The announcement that Waterstones, the nearest UK equivalent to Barnes & Noble as a bookselling chain, will be selling the Kindle in their stores came as somewhat of a shock.

There had been rumors that B&N was closing in on a deal to partner with Waterstones on the Nook.

The difficulty in making deals around a reading device and supporting ecosystem is that the sales of content subsidize the sale of the devices. It’s all part of a total equation around the “lifetime value” of the customer. The device-supplier really requires the ebook sales to make the device sale profitable.

So when Kobo did their deal with WH Smith in the UK (and FNAC in France) last Fall, it made sense to me why they’d do it rather than Waterstones. At that time, Waterstones was saying they’d deliver their own device.

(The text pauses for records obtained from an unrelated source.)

lemma exists_dyadic_sorting_perm:
  assumes x: "x \<in> Incomp n \<delta> \<nu>" and \<nu>: "0 < \<nu>"
  shows "\<exists>\<sigma>\<in>dyadic_sorting_perms n.
     (\<forall>i\<in>{1..n}. real i \<le> \<delta> * real n \<longrightarrow> \<nu> / sqrt n < \<bar>x (\<sigma> i)\<bar>) \<and>
     (\<forall>i\<in>{1..n}. (x (\<sigma> i))^2 * real i \<le> 2)"
proof -
  obtain ys where ys: "distinct ys" "set ys = {1..n}"
    and dec: "\<And>q q'. q \<le> q' \<Longrightarrow> q' < n \<Longrightarrow> \<bar>x (ys ! q')\<bar> \<le> \<bar>x (ys ! q)\<bar>"
    using exists_abs_decreasing_enumeration by blast
  have len: "length ys = n" using distinct_card[OF ys(1)] ys(2) by simp
  have xs: "x \<in> unit_sphere n" using x by (simp add: Incomp_def)
  define m where "m = nat \<lfloor>\<delta> * real n\<rfloor>"
  obtain F where F: "F \<in> dyadic_labellings {1..n} (floor_log n)"
    and F_nth: "\<And>q. q < n \<Longrightarrow> F (ys ! q) = dyadic_key m q"
    using exists_dyadic_labelling[OF ys, of m] len by auto
  have rank: "\<exists>q<n. sort_perm n F i = ys ! q \<and> floor_log (q + 1) = floor_log i \<and> (q < m \<longleftrightarrow> i - 1 < m)"
    if i: "i \<in> {1..n}" for i
  proof -
    obtain q where q: "q < n" "sort_perm n F i = ys ! q"
      and eq: "dyadic_key m q = dyadic_key m (i - 1)"
      using sort_perm_monotone_relabelling[OF ys F_nth mono_dyadic_key i] by blast
    from eq have "floor_log (q + 1) = floor_log (i - 1 + 1) \<and> (q < m \<longleftrightarrow> i - 1 < m)"
      by (rule dyadic_key_eqD)
    moreover have "i - 1 + 1 = i" using i by simp
    ultimately show ?thesis using q by metis
  qed
  have "\<nu> / sqrt n < \<bar>x (sort_perm n F i)\<bar>" if i: "i \<in> {1..n}" "real i \<le> \<delta> * real n" for i
  proof -
    obtain q where q: "q < n" "sort_perm n F i = ys ! q" "q < m \<longleftrightarrow> i - 1 < m"
      using rank[OF i(1)] by blast
    have "i \<le> m" using i(2) unfolding m_def by (simp add: le_nat_iff le_floor_iff)
    then have "q < m" using q(3) i(1) by auto
    then have "real q \<le> \<delta> * real n" unfolding m_def by (simp add: zless_nat_eq_int_zless less_floor_iff)
    then show ?thesis using incomp_large_coordinates[OF x \<nu> ys dec q(1)] q(2) by simp
  qed
  moreover have "(x (sort_perm n F i))^2 * real i \<le> 2" if i: "i \<in> {1..n}" for i
  proof -
    obtain q where q: "q < n" "sort_perm n F i = ys ! q" "floor_log (q + 1) = floor_log i"
      using rank[OF i] by blast
    have "i < 2 * 2 ^ floor_log i" by (rule floor_log_exp2_gt)
    also have "\<dots> \<le> 2 * (q + 1)" using floor_log_exp2_le[of "q + 1"] q(3) by simp
    finally have "real i \<le> 2 * real (q + 1)" by linarith
    then have "(x (ys ! q))^2 * real i \<le> (x (ys ! q))^2 * (2 * real (q + 1))"
      by (rule mult_left_mono) simp
    also have "\<dots> = 2 * (real (q + 1) * (x (ys ! q))^2)" by simp
    also have "\<dots> \<le> 2" using unit_sphere_rank_bound[OF xs ys dec q(1)] by simp
    finally show ?thesis using q(2) by simp
  qed
  ultimately show ?thesis using F unfolding dyadic_sorting_perms_def by blast
qed

lemma Y_good_threshold_nonneg:
  fixes p s L :: real
  assumes Y: "Y_good C' c' n Y" and C': "0 < C'" and n: "0 < n"
    and "0 < p" "p \<le> 1/2" "-1 \<le> s" "s \<le> 0" "x \<in> unit_sphere n" "1 \<le> L"
  shows "0 \<le> threshold n p x L"
proof -
  \<comment> \<open>The supremum defining the threshold may range over the empty set; nonnegativity
     comes from the tail bound at \<open>t = \<surd>n\<close>, whose left-hand side is a probability.\<close>
  let ?Yv = "\<lambda>i. real_of_int (Y p x L s i)"
  let ?T = "threshold n p x L"
  have "measure_pmf.prob (bern_vec p n)
          {b. \<bar>bsum n b ?Yv + s * sqrt n / ?T * (\<Sum>i=1..n. x i)\<bar> \<le> sqrt n}
        \<le> C' * L * ?T / sqrt n * sqrt n"
    using Y assms(4-) unfolding Y_good_def Let_def by blast
  then have "0 \<le> C' * L * ?T / sqrt n * sqrt n" by (rule order_trans[OF measure_nonneg])
  then have "0 \<le> (C' * L) * ?T" using n by simp
  moreover have "0 < C' * L" using C' \<open>1 \<le> L\<close> by simp
  ultimately show ?thesis by (simp add: zero_le_mult_iff)
qed

lemma Y_good_close:
  assumes "Y_good C' c' n Y"
    and "0 < p" "p \<le> 1/2" "-1 \<le> s" "s \<le> 0" "x \<in> unit_sphere n" "1 \<le> L" "k \<in> {1..n}"
  shows "\<bar>sqrt n / threshold n p x L * x k - Y p x L s k\<bar> \<le> 1"
  using assms unfolding Y_good_def Let_def by blast

lemma abs_gt_of_close:
  fixes N T X y \<nu> :: real
  assumes close: "\<bar>sqrt N / T * X - y\<bar> \<le> 1" and T: "0 \<le> T" and N: "0 < N"
    and X: "\<nu> / sqrt N < \<bar>X\<bar>"
  shows "\<nu> / T - 1 < \<bar>y\<bar>"
proof (cases "T = 0")
  case False
  then have "\<nu> / T = sqrt N / T * (\<nu> / sqrt N)" using N by simp
  also have "\<dots> < sqrt N / T * \<bar>X\<bar>" using X N T False by (intro mult_strict_left_mono) auto
  also have "\<dots> = \<bar>sqrt N / T * X\<bar>" using T N by (simp add: abs_mult)
  finally show ?thesis using close by linarith
qed simp

lemma abs_le_of_close:
  fixes N T X y \<delta> i :: real and j :: nat
  assumes close: "\<bar>sqrt N / T * X - y\<bar> \<le> 1" and T: "0 \<le> T" and \<delta>: "0 < \<delta>" and N: "0 < N"
    and X: "X^2 * i \<le> 2" and i: "2 powr (- real j) * \<delta> * N < i"
  shows "\<bar>y\<bar> \<le> 2 powr ((real j + 1) / 2) / (sqrt \<delta> * T) + 1"
proof -
  have "\<delta> * N < 2^j * i"
    using i by (simp add: powr_minus powr_realpow field_simps)
  then have "(\<delta> * N) * X^2 \<le> (2^j * i) * X^2" by (intro mult_right_mono) auto
  also have "\<dots> \<le> 2^(j+1)" using X by (simp add: mult_left_mono algebra_simps)
  finally have "N * X^2 * \<delta> \<le> 2^(j+1)" by (simp add: algebra_simps)
  then have "sqrt N * \<bar>X\<bar> * sqrt \<delta> \<le> sqrt (2^(j+1))"
    by (metis real_sqrt_abs real_sqrt_le_mono real_sqrt_mult)
  also have "\<dots> = (2 powr (real j + 1)) powr (1/2)"
    using powr_realpow[of 2 "j + 1"] by (simp add: powr_half_sqrt add.commute)
  also have "\<dots> = 2 powr ((real j + 1) / 2)" by (simp add: powr_powr)
  finally have "sqrt N / T * \<bar>X\<bar> \<le> 2 powr ((real j + 1) / 2) / (sqrt \<delta> * T)"
    using T \<delta> by (cases "T = 0") (simp_all add: field_simps)
  moreover have "\<bar>sqrt N / T * X\<bar> = sqrt N / T * \<bar>X\<bar>" using T N by (simp add: abs_mult)
  moreover have "\<bar>y\<bar> \<le> \<bar>sqrt N / T * X\<bar> + 1"
    using close by argo
  ultimately show ?thesis by argo
qed

lemma dyadic_sorting_perm_Y_bounds:
  fixes p \<delta> s \<nu> L :: real
  assumes Y: "Y_good C' c' n Y" and C': "0 < C'" and n: "0 < n"
    and p: "0 < p" "p \<le> 1/2" and \<delta>: "0 < \<delta>" and s: "-1 \<le> s" "s \<le> 0" and \<nu>: "0 < \<nu>"
    and L: "1 \<le> L" and x: "x \<in> Incomp n \<delta> \<nu>"
  shows "\<exists>\<sigma>\<in>dyadic_sorting_perms n.
     (\<forall>i\<in>{1..n}. real i \<le> \<delta> * real n \<longrightarrow>
        \<bar>real_of_int (Y p x L s (\<sigma> i))\<bar> > \<nu> / threshold n p x L - 1) \<and>
     (\<forall>j::nat. \<forall>i\<in>{1..n}. real i > 2 powr (- real j) * \<delta> * real n \<longrightarrow>
        \<bar>real_of_int (Y p x L s (\<sigma> i))\<bar>
          \<le> 2 powr ((real j + 1) / 2) / (sqrt \<delta> * threshold n p x L) + 1)"
proof -
  have xs: "x \<in> unit_sphere n" using x by (simp add: Incomp_def)
  obtain \<sigma> where \<sigma>: "\<sigma> \<in> dyadic_sorting_perms n"
    and large: "\<And>i. i \<in> {1..n} \<Longrightarrow> real i \<le> \<delta> * real n \<Longrightarrow> \<nu> / sqrt n < \<bar>x (\<sigma> i)\<bar>"
    and small: "\<And>i. i \<in> {1..n} \<Longrightarrow> (x (\<sigma> i))^2 * real i \<le> 2"
    using exists_dyadic_sorting_perm[OF x \<nu>] by blast
  have T: "0 \<le> threshold n p x L" by (rule Y_good_threshold_nonneg[OF Y C' n p s xs L])
  have close: "\<bar>sqrt n / threshold n p x L * x (\<sigma> i) - Y p x L s (\<sigma> i)\<bar> \<le> 1"
    if "i \<in> {1..n}" for i
    using Y_good_close[OF Y p s xs L] permutes_in_image[OF dyadic_sorting_perms_permute[OF \<sigma>]] that
    by blast
  have "\<nu> / threshold n p x L - 1 < \<bar>real_of_int (Y p x L s (\<sigma> i))\<bar>"
    if "i \<in> {1..n}" "real i \<le> \<delta> * real n" for i
    using abs_gt_of_close[OF close[OF that(1)] T _ large[OF that]] n by simp
  moreover have "\<bar>real_of_int (Y p x L s (\<sigma> i))\<bar>
      \<le> 2 powr ((real j + 1) / 2) / (sqrt \<delta> * threshold n p x L) + 1"
    if "i \<in> {1..n}" "2 powr (- real j) * \<delta> * real n < real i" for i j
    using abs_le_of_close[OF close[OF that(1)] T \<delta> _ small[OF that(1)] that(2)] n by simp
  ultimately show ?thesis using \<sigma> by blast
qed
lemma count01_at_Suc:
  "count01_at (Suc n) k = count01_at n k + count01_at n (k + length (Wm n))
     + count01_at n (k + 2 * length (Wm n) + 1)"
proof -
  let ?L = "length (Wm n)"
  have "count01_at (Suc n) k = count01 (Wm n @ Wm n @ [1] @ Wm n)
     (subword_W k ?L @ subword_W (k + ?L) ?L @ [W (k + 2 * ?L)] @ subword_W (k + 2 * ?L + 1) ?L)"
    unfolding count01_at_def subword_W_length_Wm_Suc by simp
  then show ?thesis
    by (simp add: count01_append count01_at_def)
qed

lemma count01_at_shifted_occurrence_left:
  assumes "occurs_at n q" "W (q + length (Wm n)) = 1"
  shows "count01_at n (Suc q) = count_list (Wm n) 1 + 1"
proof -
  let ?A = "Wm n"
  have A: "?A = 0 # tl ?A"
    using hd_Wm[of n] Wm_not_Nil[of n] by (cases ?A) auto
  have "W q # subword_W (Suc q) (length ?A) = ?A @ [1]"
    using assms subword_W_add[of q "length ?A" 1]
    by (simp add: occurs_at_def flip: subword_W_Suc)
  then have "subword_W (Suc q) (length ?A) = tl ?A @ [1]"
    using A by (metis list.sel(3) tl_append2 Wm_not_Nil)
  moreover have "count01 (0 # tl ?A) (tl ?A @ [1]) = count_list (tl ?A) 1 + 1"
    using count01_shift_left[of 0 "tl ?A" 1] nonzeros_isolated_Wm[of n] A last_Wm[of n] by simp
  ultimately show ?thesis
    using A by (metis count01_at_def count_list.simps(2) zero_neq_one)
qed

lemma count01_at_shifted_occurrence_right:
  assumes "occurs_at n (Suc q)"
  shows "count01_at n q = count_list (Wm n) 1 + (if W q = 1 then 1 else 0)"
proof -
  let ?A = "Wm n"
  have A: "?A = butlast ?A @ [0]"
    using last_Wm[of n] Wm_not_Nil[of n] by (metis append_butlast_last_id)
  have "subword_W q (Suc (length ?A)) = W q # ?A"
    using assms by (simp add: occurs_at_def subword_W_Suc)
  then have "subword_W q (length ?A) = take (length ?A) (W q # ?A)"
    using subword_W_add[of q "length ?A" 1] by (metis append_eq_conv_conj length_subword_W Suc_eq_plus1)
  then have "count01_at n q = count01 ?A (W q # ?A)"
    by (simp add: count01_at_def count01_take_length)
  also have "\<dots> = (if W q = 1 then 1 else 0) + count_list (butlast ?A) 1"
    using count01_shift_right[OF nonzeros_isolated_Wm] Wm_not_Nil[of n] hd_Wm[of n] by simp
  also have "count_list (butlast ?A) 1 = count_list ?A 1"
    using A by (metis count_list_append count_list.simps add_0_right zero_neq_one)
  finally show ?thesis
    by simp
qed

Knowing what B&N has had to spend in development to make the Nook work across a store and revenue base several times as large as Waterstones, that always seemed like a very heavy lift. It wasn’t a surprise when Waterstones kept missing delivery dates for its device nor when the rumors shifted to them doing a device deal with somebody else. Since Kobo already was working with their biggest competitor, the logic said it had to be Nook.

I don’t know anybody who predicted it would be Kindle.

Michael Cader in Publishers Lunch reads the press releases the same way I do and we both get the message that the only ebooks Waterstones will share revenue on are those that are purchased over Waterstones’ in-store wifi network. (That network doesn’t exist yet; it’s being built now which is why they won’t start selling Kindles for a few months yet.)

Cader quotes Tim Hely Hutchinson of Hachette as being “fully supportive” of the deal. Since his two biggest customers have just joined forces, I can imagine that his private thoughts might be a bit more troubled than his public pronouncements. (When presented with lemons, make lemonade.) But I wouldn’t pick a public fight with my biggest sources of revenue, either.

How will Waterstone’s benefit from this deal? Well, they’ll make some margin on the Kindles they sell. They won’t make much selling ebooks if the only ones they’re paid for are the ones transacted in their stores. I’ve seen some speculation on an email list that they’ll use the Amazon connection to get more promotional money from publishers, but since they’ve already kicked up discounts considerably, I’m not sure how much blood is left in that stone.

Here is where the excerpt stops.